Women before, during and after birth are human beings (and again very slowly for doctors and a few nurses and midwives as well: YOUNG. MOTHERS. ARE. HUMAN.BEINGS!)
Violence during pregnancy and during or after childbirth is a crime.
It is not ‘necessary’.
Forcing a woman to stay in a position in which she cannot bear the pain (a pain, moreover, that scientists put down as one of the most severe that a human being can endure) is an act of violence.
Shaming and belittleing a birthing woman is an act of violence.

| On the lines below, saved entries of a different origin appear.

lemma (in prob_space) measure_le_eq_chi_square_cdf:
  assumes Q: "distributed M lborel Q (\<lambda>x. ennreal (chi_square_density m x))"
  shows "measure M {\<omega> \<in> space M. Q \<omega> \<le> t} = chi_square_cdf m t"
proof -
  have [measurable]: "Q \<in> borel_measurable M"
    using distributed_measurable[OF Q] by simp
  have "measure M {\<omega> \<in> space M. Q \<omega> \<le> t} = measure (distr M lborel Q) {..t}"
    by (subst measure_distr) (auto intro!: arg_cong[where f="measure M"])
  then show ?thesis
    by (simp add: distributed_distr_eq_density[OF Q] chi_square_cdf_def cdf_def)
qed

lemma chi_square_cdf_nonpos: "x \<le> 0 \<Longrightarrow> chi_square_cdf m x = 0"
proof -
  assume "x \<le> 0"
  then have "(\<lambda>t. ennreal (chi_square_density m t) * indicator {..x} t) = (\<lambda>_. 0)"
    by (auto simp: chi_square_density_def indicator_def)
  then have "emeasure (density lborel (\<lambda>t. ennreal (chi_square_density m t))) {..x} = 0"
    by (subst emeasure_density) (auto simp: chi_square_density_eq_gamma2)
  then show ?thesis
    by (simp add: chi_square_cdf_def cdf_def measure_def)
qed

lemma norm_vec_power2: "(norm x)\<^sup>2 = (\<Sum>j\<in>UNIV. (norm (x $ j))\<^sup>2)"
  by (simp add: norm_vec_def L2_set_def sum_nonneg)

lemma norm_real_vec_power2: "(norm (x :: real^'n))\<^sup>2 = (\<Sum>j\<in>UNIV. (x $ j)\<^sup>2)"
  by (simp add: norm_vec_power2)

lemma sum_power2_weighted_centered_le:
  fixes p h :: "'a \<Rightarrow> real"
  assumes "finite A" and p_nonneg: "\<And>j. j \<in> A \<Longrightarrow> p j \<ge> 0" and p_sum: "sum p A = 1"
  shows "(\<Sum>j\<in>A. (p j * (h j - (\<Sum>i\<in>A. p i * h i)))\<^sup>2) \<le> (\<Sum>j\<in>A. (h j)\<^sup>2)"
proof -
  define m where "m = (\<Sum>i\<in>A. p i * h i)"
  have p_le_1: "p j \<le> 1" if "j \<in> A" for j
    using member_le_sum[of j A p] p_nonneg p_sum \<open>finite A\<close> that by simp
  have "(\<Sum>j\<in>A. (p j * (h j - m))\<^sup>2) \<le> (\<Sum>j\<in>A. p j * (h j - m)\<^sup>2)"
  proof (rule sum_mono)
    fix j assume "j \<in> A"
    then have "(p j)\<^sup>2 \<le> p j"
      using p_le_1 p_nonneg by (simp add: power2_eq_square mult_left_le)
    then show "(p j * (h j - m))\<^sup>2 \<le> p j * (h j - m)\<^sup>2"
      by (simp add: power_mult_distrib mult_right_mono)
  qed
  also have "(\<Sum>j\<in>A. p j * (h j - m)\<^sup>2) = (\<Sum>j\<in>A. p j * (h j)\<^sup>2) - m\<^sup>2"
  proof -
    have "(\<Sum>j\<in>A. p j * (h j - m)\<^sup>2) = (\<Sum>j\<in>A. p j * (h j)\<^sup>2 - 2 * m * (p j * h j) + m\<^sup>2 * p j)"
      by (intro sum.cong) (simp_all add: power2_eq_square algebra_simps)
    also have "\<dots> = (\<Sum>j\<in>A. p j * (h j)\<^sup>2) - 2 * m * m + m\<^sup>2 * sum p A"
      by (simp add: sum.distrib sum_subtractf sum_distrib_left m_def)
    finally show ?thesis
      using p_sum by (simp add: power2_eq_square)
  qed
  also have "\<dots> \<le> (\<Sum>j\<in>A. (h j)\<^sup>2)"
  proof -
    have "(\<Sum>j\<in>A. p j * (h j)\<^sup>2) \<le> (\<Sum>j\<in>A. (h j)\<^sup>2)"
      using p_le_1 p_nonneg by (intro sum_mono) (simp add: mult_left_le_one_le)
    then show ?thesis
      by (smt (verit) zero_le_power2)
  qed
  finally show ?thesis
    by (simp add: m_def)
qed

text \<open>Mean value theorem for \<open>t \<mapsto> \<langle>c, softmax (w + t (v - w))\<rangle>\<close> with \<open>c = softmax v - softmax w\<close>:
  the derivative is \<open>\<langle>c, p \<odot> (h - \<langle>p, h\<rangle>)\<rangle>\<close> with \<open>p\<close> a softmax vector and \<open>h = v - w\<close>.\<close>
lemma softmax_lipschitz: "norm (softmax v - softmax w) \<le> norm (v - w)"
proof -
  define c where "c = softmax v - softmax w"
  define h where "h j = v $ j - w $ j" for j
  define e where "e j t = exp (w $ j + t * h j)" for j t
  define Z where "Z t = (\<Sum>i\<in>UNIV. e i t)" for t
  define p where "p t j = e j t / Z t" for t j
  define g where "g t = (\<Sum>j\<in>UNIV. c $ j * p t j)" for t
  define g' where "g' t = (\<Sum>j\<in>UNIV. c $ j * (p t j * (h j - (\<Sum>i\<in>UNIV. p t i * h i))))" for t
  have Z_pos: "Z t > 0" for t
    unfolding Z_def e_def by (intro sum_pos) auto
  have "DERIV g t :> g' t" for t
  proof -
    have "DERIV g t :> (\<Sum>j\<in>UNIV. c $ j * ((e j t * h j * Z t - e j t * (\<Sum>i\<in>UNIV. e i t * h i)) / (Z t * Z t)))"
      using Z_pos[of t] unfolding g_def p_def Z_def e_def
      by (auto intro!: derivative_eq_intros simp: algebra_simps)
    also have "(\<Sum>j\<in>UNIV. c $ j * ((e j t * h j * Z t - e j t * (\<Sum>i\<in>UNIV. e i t * h i)) / (Z t * Z t))) = g' t"
      unfolding g'_def p_def using Z_pos[of t]
      by (intro sum.cong refl) (simp add: field_simps sum_divide_distrib[symmetric] sum_distrib_left)
    finally show ?thesis .
  qed
  then obtain z where "g 1 - g 0 = (1 - 0) * g' z"
    using MVT2[of 0 1 g g'] by auto
  moreover have "g 1 - g 0 = (norm c)\<^sup>2"
    unfolding g_def p_def Z_def e_def h_def c_def norm_real_vec_power2 sum_subtractf[symmetric]
    by (simp add: softmax_def power2_eq_square algebra_simps)
  ultimately have c_g': "(norm c)\<^sup>2 = g' z" by simp
  have "(g' z)\<^sup>2 \<le> (\<Sum>j\<in>UNIV. (c $ j)\<^sup>2) * (\<Sum>j\<in>UNIV. (p z j * (h j - (\<Sum>i\<in>UNIV. p z i * h i)))\<^sup>2)"
    unfolding g'_def by (rule Cauchy_Schwarz_ineq_sum)
  also have "\<dots> \<le> (\<Sum>j\<in>UNIV. (c $ j)\<^sup>2) * (\<Sum>j\<in>UNIV. (h j)\<^sup>2)"
    using Z_pos[of z]
    by (intro mult_left_mono sum_power2_weighted_centered_le sum_nonneg)
       (auto simp: p_def e_def Z_def sum_divide_distrib[symmetric])
  also have "\<dots> = (norm c)\<^sup>2 * (norm (v - w))\<^sup>2"
    by (simp add: norm_real_vec_power2 h_def)
  finally have "(norm c)\<^sup>2 * (norm c)\<^sup>2 \<le> (norm c)\<^sup>2 * (norm (v - w))\<^sup>2"
    by (metis c_g' power2_eq_square)
  then have "norm c \<le> norm (v - w)"
    using mult_le_cancel_left_pos[of "(norm c)\<^sup>2" "(norm c)\<^sup>2" "(norm (v - w))\<^sup>2"]
    by (cases "c = 0") (auto intro: power2_le_imp_le)
  then show ?thesis
    by (simp add: c_def)
qed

Cutting a birthing woman open without her valid consent -that is consent given after the woman made an informed decision- is an act of violence.
Pressuring a woman to give up her right to make decisions concerning HER OWN body in potential favour of the unborn child is an act of violence.
Ignoring a woman’s ‘STOP’ is an act of violence and -if that includes your hands up her vagina or fumbling around with her breast trying to stuff a bleeding nipple into a screaming newborn’s mouth- sexual assault.
Invalidating a woman’s experience is an act of violence.
Yes yes yes, I know. Sometimes there is an emergency… yeah, you know, if you have time enough to say to the concerned nurse ‘oh, she’s not even im pain, she’s just acting the diva.’ you have enough time to say ‘dear, I know this is terrible frightening and you’re in pain, but we need to move fast now to make sure you and baby are ok. We’re taking good care of you. It’ll be over soon’- that makes the difference between a difficult birth and a traumatic one.
And besides, 1/3 of all mothers describe birth as being traumatic. Not 1/3 of all births include emergencies. So stop using that stupid argument to rectify you bad work.
You’re stressed, I get it. We have a global healthcare crisis. I am truly sorry for that. But if you’re so stressed it makes you feel that violence is needed to make the system work, then it’s probably time to step back.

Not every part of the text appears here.